Stored data
►

(* Consider a run of the algorithm described in the context, and assume the event $\mathcal E$ occurs. Then for every iteration $j$ of the run, $\mathcal G_j^*:=\mathcal G^*\cap\mathcal G_j\neq\emptyset$, where $\mathcal G^*=\{G\in\mathcal G_{d,k}:\mathcal S(G)=\mathcal S^*\}$.
   Context: Setting. $\mathbf{X}=(X_1,\dots,X_d)$ is a random vector; $k$ a fixed positive integer; natural logarithms. A family is $f=\langle X_i,\Pi\rangle$ with $\Pi\subseteq\{X_1,\dots,X_d\}\setminus\{X_i\}$, $|\Pi|\le k$; $\mathcal F_{d,k}$ the set of families; $H(f)=H(X_i\mid\Pi)$. $\mathcal G_{d,k}$ = DAGs over the variables with in-degree $\le k$, identified with their family sets; $\mathcal S(F)=-\sum_{f\in F}H(f)$; $\mathcal S^*=\max_{G\in\mathcal G_{d,k}}\mathcal S(G)$. $\mathcal E_{d,k}$ is the set of Markov equivalence classes (ECs) on $\mathcal G_{d,k}$ (graphs with identical conditional independence constraints); graphs in an EC share a score. Each sample is an independent copy of $\mathbf X$ of which only a chosen set of $k+1$ coordinates is revealed. $\hat H$ is an estimator of $H(f)$ from the samples where all variables of $f$ were observed, and $N(\epsilon,\delta)$ is such that for any fixed $f$, at least $N(\epsilon,\delta)$ such samples give $|\hat H(f)-H(f)|\le\epsilon$ with probability $\ge1-\delta$. Notation: $\mathcal F_{\mathrm{act}}(\mathcal V)$ = families whose child is not in $\mathcal V\subseteq[d]$; $\mathcal G_j=\{G\in\mathcal G_{d,k}:\mathcal A_j\subseteq G\}$; $E^{(j)}=E\cap\mathcal G_j$; $U(\mathcal A)=\bigcup_{G\in\mathcal A}G$; $\hat H_t(f)$ = estimate from all samples up to round $t$; $\hat{\mathcal S}_t(G)=-\sum_{f\in G}\hat H_t(f)$; $\hat{\mathcal S}_t(\mathcal A)=\max_{G\in\mathcal A}\hat{\mathcal S}_t(G)$. Algorithm (inputs $d,k,\delta\in(0,1),\epsilon,\epsilon_1>0$). Initialize $\mathcal A_1=\emptyset,\mathcal V=\emptyset,N_0=0,t=1,j=1,T=\lceil\log_2(2d\epsilon_1/\epsilon)\rceil$. While $\epsilon_t>\epsilon/(d-|\mathcal V|)$ (a "round" $t$): $N_t=N(\epsilon_t/2,\delta/(T|\mathcal F_{\mathrm{act}}(\mathcal V)|))$; observe each $(k+1)$-subset of $[d]$ not contained in $\mathcal V$ in $N_t-N_{t-1}$ new samples; repeat the following "iteration" until $\mathcal A_j=\mathcal A_{j-1}$: $\theta_j=(d-|\mathcal V|)\epsilon_t$; $\hat G_j\in\arg\max_{G\in\mathcal G_j}\hat{\mathcal S}_t(G)$, $\hat E_j$ its EC; $L_j=\{E\in\mathcal E_{d,k}:E^{(j)}\neq\emptyset,\hat{\mathcal S}_t(\hat E_j^{(j)})-\hat{\mathcal S}_t(E^{(j)})\le\theta_j\}$; if some $f\in U(\hat E_j^{(j)})\cap\mathcal F_{\mathrm{act}}(\mathcal V)$ satisfies $f\in U(E^{(j)})$ for all $E\in L_j$, accept one such $f=\langle X_v,\Pi\rangle$: $\mathcal V\leftarrow\mathcal V\cup\{v\}$, $\mathcal A_{j+1}=\mathcal A_j\cup\{f\}$; else $\mathcal A_{j+1}=\mathcal A_j$; $j\leftarrow j+1$. After the iterations, if $|\mathcal V|=d$ return $\mathcal A_j$; else $t\leftarrow t+1$, $\epsilon_t=\epsilon_{t-1}/2$. After the while loop: $\epsilon_{\mathrm{last}}=\epsilon/(d-|\mathcal V|)$, $N_T=N(\epsilon_{\mathrm{last}}/2,\delta/(T|\mathcal F_{\mathrm{act}}(\mathcal V)|))$, observe remaining subsets in $N_T-N_{T-1}$ more samples, return a maximizer of $\hat{\mathcal S}_T$ over $\mathcal G_j$. Event: with $\mathcal V_t$ the value of $\mathcal V$ at the start of round $t$, $\mathcal E:=\{\forall t\in[T],\forall f\in\mathcal F_{\mathrm{act}}(\mathcal V_t): |\hat H_t(f)-H(f)|\le\epsilon_t/2\}$. *)

theory Defs
  imports Complex_Main
begin
(* Let $k\ge 1$ and let $m,N$ be integers with $N\ge 3$, $m\ge 1$, $\gcd(m,N)=1$, such that $e^{2\pi i m/N}$ is a root of $Q_{k-1}(q)$. Then $\gcd(N,4k+1)\in\{1,3\}$. In particular, if $k\not\equiv 2\pmod 3$, then $\gcd(N,4k+1)=1$.
   Context: $Q_{k-1}(q)=q^{4k+4}-q^{4k+3}-q^{4k+2}-q^{4k+1}+q^3+q^2+q-1=(q^4-1)P_{k-1}(q)$, where $P_{k-1}(q)=1+\sum_{l=1}^{k} q^{4l-4}(q^4-q^3-q^2-q)$. *)

theory Defs
  imports "HOL-Analysis.Analysis"
begin

definition Qpoly :: "nat \<Rightarrow> complex \<Rightarrow> complex" where
  "Qpoly k q = q^(4*k+4) - q^(4*k+3) - q^(4*k+2) - q^(4*k+1) + q^3 + q^2 + q - 1"

end

theory Submission
  imports Defs "HOL-Computational_Algebra.Polynomial" "HOL-Computational_Algebra.Primes"
begin

(*
  Write n = 4k+1.  Then Q_{k-1}(q) = q^n (q^3 - q^2 - q - 1) + (q^3 + q^2 + q - 1), so for a
  fixed value X = z^n every root w of Q_{k-1} with w^n = X is a root of the cubic
  X (w^3 - w^2 - w - 1) + (w^3 + w^2 + w - 1).

  Let z be a primitive N-th root of unity with Q_{k-1}(z) = 0 and let d divide both N and n,
  N = d M.  The Galois conjugates z^(1+jM), j < d, with 1+jM coprime to N are pairwise distinct,
  are again roots of Q_{k-1} and all have the same n-th power z^n; hence there are at most three
  of them.  For d a prime p >= 5 and for d = 9 one finds at least four such j, so gcd(N,n) has
  no prime factor other than 3 (it is odd) and is not divisible by 9.

  The only non-elementary ingredient is that integer polynomials vanishing at z vanish at all
  z^a with a coprime to N (irreducibility of cyclotomic polynomials).
*)

section \<open>Frobenius congruences\<close>

lemma add_power_prime:
  fixes a b :: "'a::comm_ring_1"
  assumes p: "prime p"
  shows "\<exists>c. (a + b)^p = a^p + b^p + of_nat p * c"
proof -
  have p1: "p > 1" using p prime_gt_1_nat by blast
  have middle: "(of_nat (p choose i) :: 'a) = of_nat p * of_nat ((p choose i) div p)"
    if "i \<in> {1..<p}" for i
  proof -
    have "p dvd (p choose i)" using that p by (intro dvd_choose_prime) auto
    then show ?thesis by (metis dvd_mult_div_cancel of_nat_mult)
  qed
  have "(a + b)^p = (\<Sum>i\<le>p. of_nat (p choose i) * a^i * b^(p-i))"
    by (rule binomial_ring)
  also have "{..p} = insert p (insert 0 {1..<p})" using p1 by auto
  also have "(\<Sum>i\<in>insert p (insert 0 {1..<p}). of_nat (p choose i) * a^i * b^(p-i))
      = a^p + b^p + (\<Sum>i\<in>{1..<p}. of_nat (p choose i) * a^i * b^(p-i))"
    using p1 by simp
  also have "(\<Sum>i\<in>{1..<p}. of_nat (p choose i) * a^i * b^(p-i))
      = of_nat p * (\<Sum>i\<in>{1..<p}. of_nat ((p choose i) div p) * a^i * b^(p-i))"
    using middle by (simp add: sum_distrib_left mult.assoc)
  finally show ?thesis by blast
qed

lemma int_power_prime:
  fixes c :: int
  assumes p: "prime p"
  shows "\<exists>t. c^p = c + int p * t"
proof -
  have nonneg: "\<exists>t. (int n)^p = int n + int p * t" for n
  proof (induction n)
    case 0
    then show ?case using p by (intro exI[of _ 0]) (simp add: prime_gt_0_nat)
  next
    case (Suc n)
    then obtain t where t: "(int n)^p = int n + int p * t" by blast
    obtain e where e: "(int n + 1)^p = (int n)^p + 1^p + of_nat p * e"
      using add_power_prime[OF p] by blast
    show ?case using t e by (intro exI[of _ "t + e"]) (simp add: algebra_simps)
  qed
  show ?thesis
  proof (cases "c \<ge> 0")
    case True
    then show ?thesis using nonneg[of "nat c"] by simp
  next
    case False
    obtain t where t: "(-c)^p = -c + int p * t"
      using nonneg[of "nat (-c)"] False by auto
    obtain e where e: "(-c + c)^p = (-c)^p + c^p + of_nat p * e"
      using add_power_prime[OF p] by blast
    then have "0 = (-c)^p + c^p + int p * e" using p by (simp add: prime_gt_0_nat zero_power)
    then show ?thesis using t by (intro exI[of _ "- t - e"]) (simp add: algebra_simps)
  qed
qed

lemma const_poly_power: "[:c:]^n = [:(c::'a::comm_ring_1)^n:]"
  by (induction n) (auto simp: poly_eq_iff coeff_pCons split: nat.split)
lemma idempotent_mat_of_columns:
  assumes e: "(e :: 'a::semiring_1 mat) \<in> carrier_mat n n" and J: "J \<subseteq> {..<n}"
    and outside: "\<And>i j. i < n \<Longrightarrow> j < n \<Longrightarrow> j \<notin> J \<Longrightarrow> e $$ (i, j) = 0"
    and block: "\<And>i j. i \<in> J \<Longrightarrow> j \<in> J \<Longrightarrow> e $$ (i, j) = (if i = j then 1 else 0)"
  shows "e * e = e"
proof (rule eq_matI)
  fix i j assume "i < dim_row e" "j < dim_col e"
  then have ij: "i < n" "j < n" using e by auto
  have "(e * e) $$ (i, j) = (\<Sum>l \<in> {0..<n}. e $$ (i, l) * e $$ (l, j))"
    using e ij by (simp add: scalar_prod_def)
  also have "\<dots> = (\<Sum>l \<in> {0..<n}. if l = j \<and> j \<in> J then e $$ (i, j) else 0)"
  proof (rule sum.cong)
    fix l assume "l \<in> {0..<n}"
    then have l: "l < n" by simp
    show "e $$ (i, l) * e $$ (l, j) = (if l = j \<and> j \<in> J then e $$ (i, j) else 0)"
    proof (cases "l \<in> J")
      case True
      then show ?thesis using ij l by (cases "j \<in> J") (auto simp: outside block)
    qed (use ij l outside in auto)
  qed simp
  also have "\<dots> = e $$ (i, j)" using ij outside by (cases "j \<in> J") auto
  finally show "(e * e) $$ (i, j) = e $$ (i, j)" .
qed (use e in auto)

lemma nilpotent_mat_if_conjugate_shift:
  assumes q: "(q :: 'a::semiring_1 mat) \<in> carrier_mat k k" and P: "P \<in> carrier_mat k k" "P' \<in> carrier_mat k k"
    and inverse: "P * P' = 1\<^sub>m k" "P' * P = 1\<^sub>m k" and conj: "q * P = P * shift_mat k"
  shows "nilpotent_mat k q"
proof -
  have "q = (q * P) * P'" using q P inverse(1) by (simp add: assoc_mult_mat[of q k k P k P' k])
  then have "q = P * shift_mat k * P'" unfolding conj .
  then have "similar_mat_wit q (shift_mat k) P P'"
    using q P inverse by (intro similar_mat_witI[of _ _ k]) auto
  then show ?thesis
    by (rule nilpotent_mat_similar[OF similar_mat_wit_sym shift_mat_carrier nilpotent_shift_mat])
qed

lemma nil_clean_companion_last_one:
  assumes C: "(C :: 'a::semiring_1 mat) \<in> carrier_mat (Suc L) (Suc L)"
    and shifts: "shifts_unit_vecs (Suc L) (Suc L) C" and last: "C $$ (L, L) = 1"
  shows "nil_clean_mat (Suc L) C"
proof -
  define e :: "'a mat" where "e = mat (Suc L) (Suc L) (\<lambda>(i, j). if j = L then C $$ (i, L) else 0)"
  have e: "e \<in> carrier_mat (Suc L) (Suc L)" by (simp add: e_def)
  have C_entry: "C $$ (i, j) = (if i = Suc j then 1 else 0)" if "i < Suc L" "j < L" for i j
    using index_shifts_unit_vecs[OF C shifts] that by auto
  have "C = e + shift_mat (Suc L)"
  proof (rule eq_matI)
    fix i j assume "i < dim_row (e + shift_mat (Suc L))" "j < dim_col (e + shift_mat (Suc L))"
    then have ij: "i < Suc L" "j < Suc L" using e by auto
    show "C $$ (i, j) = (e + shift_mat (Suc L)) $$ (i, j)"
    proof (cases "j < L")
      case False
      then have "j = L" using ij by simp
      then show ?thesis using ij by (simp add: e_def)
    qed (use ij C_entry[of i j] in \<open>simp add: e_def\<close>)
  qed (use C e in auto)
  moreover have "e * e = e"
    by (rule idempotent_mat_of_columns[OF e, of "{L}"]) (auto simp: e_def last)
  ultimately show ?thesis
    unfolding nil_clean_mat_def using e nilpotent_shift_mat shift_mat_carrier by blast
qed

context
  assumes F2: "\<forall>x::'a::ring_1. x = 0 \<or> x = 1" and char2: "(1::'a) + 1 = 0"
begin

lemma add_self_F2: "(x::'a) + x = 0"
  using F2 char2 by (cases "x = 0") auto

(*
  The matrix q = C + e sends
  e_0, ..., e_(L-2) to e_1, ..., e_(L-1), e_(L-1) to e_L + w, and e_L + w to 0; as the transvection
  maps e_L to e_L + w and fixes the other unit vectors, it conjugates q to the shift.
*)
lemma companion_F2_trace_zero_conjugate_shift:
  assumes C: "(C :: 'a mat) \<in> carrier_mat k k" and shifts: "shifts_unit_vecs k k C"
    and k: "k = Suc L" "1 \<le> L" and last: "C $$ (L, L) = 0" and two: "L = 1 \<Longrightarrow> C $$ (0, 1) = 1"
    and \<gamma>_def: "\<gamma> = (if C $$ (L - 1, L) = 1 then 0 else 1)"
    and w_def: "w = vec k (\<lambda>i. if i = L - 1 then 1 else if i + 2 = L then \<gamma> else 0)"
    and e_def: "e = mat k k (\<lambda>(i, j). if j = L - 1 then w $ i
      else if j = L then (if i = L then 1 else if i + 1 < L then C $$ (i, L) + w $ i else 0) else 0)"
  shows "(C + e) * transvection k w L = transvection k w L * shift_mat k"
proof -
  have C_entry: "C $$ (i, j) = (if i = Suc j then 1 else 0)" if "i < k" "j < L" for i j
    using index_shifts_unit_vecs[OF C shifts] that k by auto
  have "C $$ (L - 1, L) = 0 \<or> C $$ (L - 1, L) = 1" using F2 by blast
  then have \<gamma>: "C $$ (L - 1, L) + 1 + \<gamma> = 0" "L = 1 \<Longrightarrow> \<gamma> = 0"
    using char2 two by (auto simp: \<gamma>_def)
  have w: "w \<in> carrier_vec k" "w $ L = 0" using k by (auto simp: w_def)
  define q where "q = C + e"
  have e: "e \<in> carrier_mat k k" and q: "q \<in> carrier_mat k k" using C by (auto simp: e_def q_def)
  have e_entry: "e $$ (i, j) = (if j = L - 1 then w $ i
      else if j = L then (if i = L then 1 else if i + 1 < L then C $$ (i, L) + w $ i else 0) else 0)"
    if "i < k" "j < k" for i j
    using that by (simp add: e_def)
  have w_entry: "w $ i = (if i = L - 1 then 1 else if i + 2 = L then \<gamma> else 0)" if "i < k" for i
    using that by (simp add: w_def)
  define P where "P = transvection k w L"
  have q_entry: "q $$ (i, j) = C $$ (i, j) + e $$ (i, j)" if "i < k" "j < k" for i j
    using that C e by (simp add: q_def)
  have qw: "(q *\<^sub>v w) $ i = q $$ (i, L - 1) + (if 2 \<le> L then q $$ (i, L - 2) * \<gamma> else 0)"
    if i: "i < k" for i
  proof -
    have "(q *\<^sub>v w) $ i = (\<Sum>l \<in> {0..<k}. (if l = L - 1 then q $$ (i, L - 1) else 0)
        + (if l + 2 = L then q $$ (i, L - 2) * \<gamma> else 0))"
      using q w i k by (auto simp: scalar_prod_def w_entry intro!: sum.cong)
    also have "\<dots> = q $$ (i, L - 1) + (if 2 \<le> L then q $$ (i, L - 2) * \<gamma> else 0)"
    proof -
      let ?X = "q $$ (i, L - 2) * \<gamma>"
      have "(\<Sum>l \<in> {0..<k}. if l + 2 = L then ?X else 0) = (if 2 \<le> L then ?X else 0)"
      proof (cases "2 \<le> L")
        case True
        then have "(\<Sum>l \<in> {0..<k}. if l + 2 = L then ?X else 0) = (\<Sum>l \<in> {0..<k}. if l = L - 2 then ?X else 0)"
          by (intro sum.cong) auto
        moreover have "L - 2 \<in> {0..<k}" using k(1) by simp
        ultimately show ?thesis using True by simp
      qed simp
      moreover have "L - 1 \<in> {0..<k}" using k(1) by simp
      then have "(\<Sum>l \<in> {0..<k}. if l = L - 1 then q $$ (i, L - 1) else 0) = q $$ (i, L - 1)"
        by simp
      ultimately show ?thesis by (simp only: sum.distrib)
    qed
    finally show ?thesis .
  qed
  have intertwine: "q * P = P * shift_mat k"
  proof (rule eq_matI)
    fix i j assume "i < dim_row (P * shift_mat k)" "j < dim_col (P * shift_mat k)"
    then have ij: "i < k" "j < k" by (auto simp: P_def)
    have lhs: "(q * P) $$ (i, j) = q $$ (i, j) + (if j = L then (q *\<^sub>v w) $ i else 0)"
      unfolding P_def using q w ij k by (intro index_mult_transvection_right) auto
    have rhs: "(P * shift_mat k) $$ (i, j) = (if i = Suc j then 1 else 0) + w $ i * (if L = Suc j then 1 else 0)"
      unfolding P_def using w ij k by (subst index_transvection_mult[of _ k k]) auto
    consider "j < L - 1" | "j = L - 1" | "j = L" using ij k by linarith
    then show "(q * P) $$ (i, j) = (P * shift_mat k) $$ (i, j)"
    proof cases
      case 1
      then have "j \<noteq> L" "L \<noteq> Suc j" "j \<noteq> L - 1" "j < L" by auto
      then show ?thesis unfolding lhs rhs using ij by (simp add: q_entry C_entry e_entry)
    next
      case 2
      then show ?thesis unfolding lhs rhs using ij k by (auto simp: q_entry C_entry e_entry)
    next
      case 3
      have "L \<noteq> L - 1" "L - 1 < k" "L < k" using k by auto
      then have q_last: "q $$ (i, L) = C $$ (i, L) + (if i = L then 1 else if i + 1 < L then C $$ (i, L) + w $ i else 0)"
        and q_prev: "q $$ (i, L - 1) = (if i = L then 1 else 0) + w $ i"
        using ij k C_entry[of i "L - 1"] by (simp_all add: q_entry e_entry)
      have q_prev2: "q $$ (i, L - 2) = (if i = L - 1 then 1 else 0)" if "2 \<le> L"
      proof -
        have "L - 2 \<noteq> L - 1" "L - 2 \<noteq> L" "L - 2 < L" "L - 2 < k" "Suc (L - 2) = L - 1"
          using that k by auto
        then show ?thesis using ij C_entry[of i "L - 2"] that by (auto simp: q_entry e_entry)
      qed
      have "q $$ (i, L) + (q *\<^sub>v w) $ i = 0"
      proof -
        consider "i = L" | "i = L - 1" | "i + 1 < L" using ij k by linarith
        then show ?thesis
        proof cases
          case 1
          then show ?thesis using q_last q_prev q_prev2 qw[OF ij(1)] last w(2) char2 by auto
        next
          case 2
          then show ?thesis
            using q_last q_prev q_prev2 qw[OF ij(1)] \<gamma> two char2 w_entry[OF ij(1)] k
            by (cases "2 \<le> L") (auto simp: add.assoc)
        next
          case 3
          then show ?thesis using q_last q_prev q_prev2 qw[OF ij(1)]
            by (auto simp: add.assoc[symmetric] add_self_F2)
        qed
      qed
      then show ?thesis unfolding lhs rhs using 3 ij k by simp
    qed
  qed (use q in \<open>auto simp: P_def\<close>)
  then show ?thesis unfolding P_def q_def .
qed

◄

- EXERCISE GOAL
Among the entries, work out how many lines include the word "coprime". Answer with that number only.

- ANSWER SPACE
2